— Пойдешь на вельботе?
— Пойду.
— Печать не забудь тогда. На накладной печать поставить надо будет. Эти волосаны с «Северодвинска» без печати прошлогоднего снега не дадут.
— Есть, понял.
Он вышел на крыло и стал рядом со мной.
Зарево Булони было уже близко, но зыбко, и на фоне его видны были огни «Северодвинска», который ожидал нас на якоре.
— И не надоело тебе быть писателем? — спросил Алексеич.
— Надоело.
Мне действительно надоело. Столько сил уходит, чтобы заставить людей позабыть, что ты их вдруг возьмешь да и опишешь. Будь оно неладно.
— «Северодвинск», я «Воровский», это вы стоите?
— «Воровский», я «Северодвинск», это вы идете?
— Да, это мы подходим.
— Понятно, это мы стоим.
— Добрый вечер.

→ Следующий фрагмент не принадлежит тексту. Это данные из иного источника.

(* Let $P$ be a propositional variable and $T$ a closed term with $\vdash T:\perp\to P$. Then for every term $t$ and every $\bar u\in\mathcal{E}^{<\omega}$, $((T\ t)\ \bar u)\triangleright^*\underline{\mu}.t$, i.e. $((T\ t)\ \bar u)$ reduces to some element of $M_t$.
   Context: Formulas are built from propositional variables and $\perp$ using $\to,\wedge,\vee$. Terms $\mathcal{T}$ and $\mathcal{E}$-terms: with disjoint sets $\mathcal{X}$ ($\lambda$-variables) and $\mathcal{A}$ ($\mu$-variables), $\mathcal{T} ::= x \mid \lambda x.\mathcal{T} \mid (\mathcal{T}\ \mathcal{E}) \mid \langle \mathcal{T},\mathcal{T}\rangle \mid \omega_1\mathcal{T} \mid \omega_2\mathcal{T} \mid \mu a.\mathcal{T} \mid (a\ \mathcal{T})$ and $\mathcal{E} ::= \mathcal{T} \mid \pi_1 \mid \pi_2 \mid [x.\mathcal{T}, y.\mathcal{T}]$. Typing judgements $\Gamma\vdash t:A;\Delta$ are generated by: $\Gamma,x:A\vdash x:A;\Delta$; from $\Gamma,x:A\vdash t:B;\Delta$ infer $\Gamma\vdash\lambda x.t:A\to B;\Delta$; from $\Gamma\vdash u:A\to B;\Delta$ and $\Gamma\vdash v:A;\Delta$ infer $\Gamma\vdash(u\ v):B;\Delta$; from $\Gamma\vdash u:A;\Delta$, $\Gamma\vdash v:B;\Delta$ infer $\Gamma\vdash\langle u,v\rangle:A\wedge B;\Delta$; from $\Gamma\vdash t:A\wedge B;\Delta$ infer $\Gamma\vdash(t\ \pi_1):A;\Delta$ and $\Gamma\vdash(t\ \pi_2):B;\Delta$; from $\Gamma\vdash t:A;\Delta$ infer $\Gamma\vdash\omega_1t:A\vee B;\Delta$; from $\Gamma\vdash t:B;\Delta$ infer $\Gamma\vdash\omega_2t:A\vee B;\Delta$; from $\Gamma\vdash t:A\vee B;\Delta$, $\Gamma,x:A\vdash u:C;\Delta$, $\Gamma,y:B\vdash v:C;\Delta$ infer $\Gamma\vdash(t\ [x.u,y.v]):C;\Delta$; from $\Gamma\vdash t:A;\Delta,a:A$ infer $\Gamma\vdash(a\ t):\perp;\Delta,a:A$; from $\Gamma\vdash t:\perp;\Delta,a:A$ infer $\Gamma\vdash\mu a.t:A;\Delta$. A closed term of type $A$ is one with $\vdash T:A$ (empty contexts). Reduction $\triangleright$ is the compatible closure of: $(\lambda x.u\ v)\triangleright u[x:=v]$; $(\langle t_1,t_2\rangle\ \pi_i)\triangleright t_i$; $(\omega_i t\ [x_1.u_1,x_2.u_2])\triangleright u_i[x_i:=t]$; $((t\ [x_1.u_1,x_2.u_2])\ \varepsilon)\triangleright(t\ [x_1.(u_1\ \varepsilon),x_2.(u_2\ \varepsilon)])$; $(\mu a.t\ \varepsilon)\triangleright\mu a.t[a:=^*\varepsilon]$ ($t[a:=^*\varepsilon]$ replaces inductively each subterm $(a\ v)$ by $(a\ (v\ \varepsilon))$); $\triangleright^*$ is its reflexive-transitive closure. $\mathcal{E}^{<\omega}$ is the set of finite sequences of $\mathcal{E}$-terms; for $\bar w=w_1\dots w_n$, $(t\ \bar w)$ is $t$ if $n=0$ and $((t\ w_1)\ w_2\dots w_n)$ otherwise. For a term $t$, $M_t$ is the smallest set containing $t$ such that if $u\in M_t$ and $a\in\mathcal{A}$ then $\mu a.u\in M_t$ and $(a\ u)\in M_t$; $\underline{\mu}.t$ denotes an (unspecified) element of $M_t$, and "$s\triangleright^*\underline{\mu}.t$" means $s\triangleright^* w$ for some $w\in M_t$. *)

theory Defs
  imports Main
begin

Как слышите меня?
— Доброй ночи. Отлично слышу. Кто у рации?
— Старший помощник.
— Капитана попросите.
Тихий, как катафалк, Михаил Гансович взял микрофон и прокашлялся. Он не мог вспомнить имя и отчество своего коллеги с «Северодвинска». Они были какие-то очень заковыристые, особенно отчество, вроде «Святополковича».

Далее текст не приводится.